RealityRipple wrote: ↑2025-02-10, 20:19
Yes, as I said, if you hit OK on the Preferences window, it performs the reset, if you hit Cancel, it cancels the changes. I'm kind of a stickler about the options window paradigm: until you hit "OK" or "Apply" in one, none of the things you do in the window should actually occur.
Yeah, that's a sound logic alright but heh, thing is there's no
OK or
Cancel there - there's only
Close (as per the screenshot above), and one has no idea whether the action they triggered has been performed or not. Usually people need a feedback of some sort in such case. If there was an
Apply button then yes, it would be intuitive.
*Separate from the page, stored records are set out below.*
lemma generates_G_if_other_children:
  "generates_G d h S"
  unfolding generates_G_iff
proof (rule ZV_subset_span)
  fix u assume u: "u \<in> tree_V d h"
  show "basis_vec u \<in> span_mod_Lambda d h S"
  proof (cases "even (h - length u)")
    case True
    then show ?thesis using basis_vec_in_span_even_codepth[OF u] by blast
  next
    case False
    moreover from this have "length u < h"
      using length_le_height[OF u] by (cases "length u = h") auto
    ultimately show ?thesis using basis_vec_in_span_odd_codepth[OF u] by blast
  qed
qed

end

theorem lemma6p4:
  fixes d h :: nat and m :: "nat list \<Rightarrow> nat list"
  assumes "d \<ge> 3" and "h \<ge> 1"
    and "\<And>i. i \<in> tree_V d h \<Longrightarrow> length i < h \<Longrightarrow> m i \<in> children d h i"
  shows "generates_G d h (Fset d h m)"
  using generates_G_if_other_children[OF assms(1) finite_Fset child_in_Fset root_in_Fset] .

end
However in Linux world there's rarely such thing (button) - any change is performed instantly. I kinda got used to this kind of behavior quite quickly after leaving the Windows world, and I assume other Linux PM users would reason similarly. Since there's only a Close button one would assume every action has been performed instantly, regardless of running under Linux or Windows. Am I wrong?
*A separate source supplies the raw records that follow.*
definition fully_transitive :: "'a topology \<Rightarrow> bool" where
  "fully_transitive X \<longleftrightarrow>
     (\<forall>xs ys. length xs = length ys \<and> distinct xs \<and> distinct ys \<and>
        (\<forall>i<length xs. similar X (xs ! i) (ys ! i)) \<longrightarrow>
        (\<exists>g\<in>homeos X. \<forall>i<length xs. g (xs ! i) = ys ! i))"

definition Fix :: "'a topology \<Rightarrow> 'a set \<Rightarrow> ('a \<Rightarrow> 'a) set" where
  "Fix X A = {g \<in> homeos X. \<forall>a\<in>A. g a = a}"

end

theory Submission
  imports Defs
begin

text \<open>Let A be the set of points fixed by every element of N. By normality A is a union of
  similarity classes, and N is contained in Fix(A). For the converse, take v outside A and a finite
  set F not containing v. Conjugating an element of N that moves v, and then forming a commutator
  with a homeomorphism fixing F, gives an element of N that fixes F pointwise but moves v;
  conjugating once more sends v to any prescribed point similar to v outside F. Full transitivity
  supplies the homeomorphisms, and the infinite similarity classes leave room for fresh points.
  By induction every element of Fix(A) agrees with an element of N on each finite set, so it lies
  in the pointwise closure of N, which is N.\<close>

section \<open>The homeomorphism group\<close>

lemma homeos_in_topspace: "h \<in> homeos X \<Longrightarrow> x \<in> topspace X \<Longrightarrow> h x \<in> topspace X"
  unfolding homeos_def using homeomorphic_imp_surjective_map by blast

lemma homeos_comp: "g \<in> homeos X \<Longrightarrow> h \<in> homeos X \<Longrightarrow> g \<circ> h \<in> homeos X"
  unfolding homeos_def by (auto intro: homeomorphic_map_compose)

lemma id_in_homeos: "id \<in> homeos X"
  unfolding homeos_def by simp

lemma homeos_inverse:
  assumes "h \<in> homeos X"
  obtains g where "g \<in> homeos X" "g \<circ> h = id" "h \<circ> g = id"
proof -
  have hm: "homeomorphic_map X X h" and outside: "\<And>x. x \<notin> topspace X \<Longrightarrow> h x = x"
    using assms unfolding homeos_def by auto
  obtain g0 where g0: "homeomorphic_maps X X h g0"
    using hm homeomorphic_map_maps by blast
  define g where "g y = (if y \<in> topspace X then g0 y else y)" for y
  have h_topspace: "h ` topspace X \<subseteq> topspace X"
    using hm homeomorphic_imp_surjective_map by blast
  have "homeomorphic_maps X X h g"
    using g0 h_topspace unfolding homeomorphic_maps_def g_def
    by (auto elim: continuous_map_eq)
  then have g: "homeomorphic_map X X g" "\<forall>x \<in> topspace X. g (h x) = x" "\<forall>y \<in> topspace X. h (g y) = y"
    by (auto simp: homeomorphic_maps_map)
  show thesis
  proof
    show "g \<in> homeos X"
      using g(1) unfolding homeos_def g_def by auto
    show "g \<circ> h = id" "h \<circ> g = id"
      using g(2,3) outside h_topspace by (auto simp: g_def fun_eq_iff image_subset_iff)
  qed
qed

lemma inj_homeos: "h \<in> homeos X \<Longrightarrow> inj h"
  by (erule homeos_inverse) (metis inj_on_id inj_on_imageI2)

lemma homeos_eqI:
  assumes "g \<in> homeos X" "f \<in> homeos X" "restrict g (topspace X) = restrict f (topspace X)"
  shows "g = f"
proof
  fix x
  show "g x = f x"
  proof (cases "x \<in> topspace X")
    case True
    then show ?thesis
      using fun_cong[OF assms(3), of x] by simp
  next
    case False
    then show ?thesis
      using assms(1,2) by (simp add: homeos_def)
  qed
qed

lemma homeo_group_simps [simp]:
  "carrier (homeo_group X) = homeos X"
  "x \<otimes>\<^bsub>homeo_group X\<^esub> y = x \<circ> y"
  "\<one>\<^bsub>homeo_group X\<^esub> = id"
  by (simp_all add: homeo_group_def)

lemma group_homeo_group: "group (homeo_group X)"
proof (rule groupI)
  fix h assume "h \<in> carrier (homeo_group X)"
  then obtain g where "g \<in> homeos X" "g \<circ> h = id"
    using homeos_inverse by (metis homeo_group_simps(1))
  then show "\<exists>g\<in>carrier (homeo_group X). g \<otimes>\<^bsub>homeo_group X\<^esub> h = \<one>\<^bsub>homeo_group X\<^esub>"
    by auto
qed (simp_all add: homeos_comp id_in_homeos comp_assoc)

section \<open>Similarity under full transitivity\<close>

lemma similar_refl: "x \<in> topspace X \<Longrightarrow> similar X x x"
  unfolding similar_def by (intro conjI exI[of _ "topspace X"] exI[of _ id]) auto

lemma similar_homeos: "g \<in> homeos X \<Longrightarrow> x \<in> topspace X \<Longrightarrow> similar X x (g x)"
  unfolding similar_def using homeos_in_topspace[of g X x]
  by (intro conjI exI[of _ "topspace X"] exI[of _ g]) (auto simp: homeos_def)

lemma fully_transitive_fixing_finite:
  assumes "fully_transitive X" "finite F" "F \<subseteq> topspace X"
    and "p \<notin> F" "q \<notin> F" "similar X p q"
  obtains g where "g \<in> homeos X" "\<forall>y\<in>F. g y = y" "g p = q"
proof -
  obtain xs where xs: "set xs = F" "distinct xs"
    using finite_distinct_list[OF assms(2)] by blast
  have "length (xs @ [p]) = length (xs @ [q]) \<and> distinct (xs @ [p]) \<and> distinct (xs @ [q]) \<and>
      (\<forall>i<length (xs @ [p]). similar X ((xs @ [p]) ! i) ((xs @ [q]) ! i))"
    using xs assms(3-6) by (auto simp: nth_append intro!: similar_refl)
  then obtain g where g: "g \<in> homeos X" "\<forall>i<length (xs @ [p]). g ((xs @ [p]) ! i) = (xs @ [q]) ! i"
    using assms(1) unfolding fully_transitive_def by blast
  show thesis
  proof
    show "\<forall>y\<in>F. g y = y"
    proof
      fix y assume "y \<in> F"
      then obtain i where "i < length xs" "xs ! i = y"
        using xs(1) by (auto simp: in_set_conv_nth)
      then show "g y = y"
        using g(2)[rule_format, of i] by (simp add: nth_append)
    qed
    show "g p = q"
      using g(2)[rule_format, of "length xs"] by simp
  qed (fact g(1))
qed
Anyway, just now I repeated the operation: opened deCDN Preferences dialog, hit Erase/Reset, OK on the confirmation dialog, and then Close. Old files are still there with same timestamp.
Maybe the check for commit version prevents the delete/download when it finds them as being identical. But what happens when the user really needs to clean up the old files due to file corruption or whatever other reason?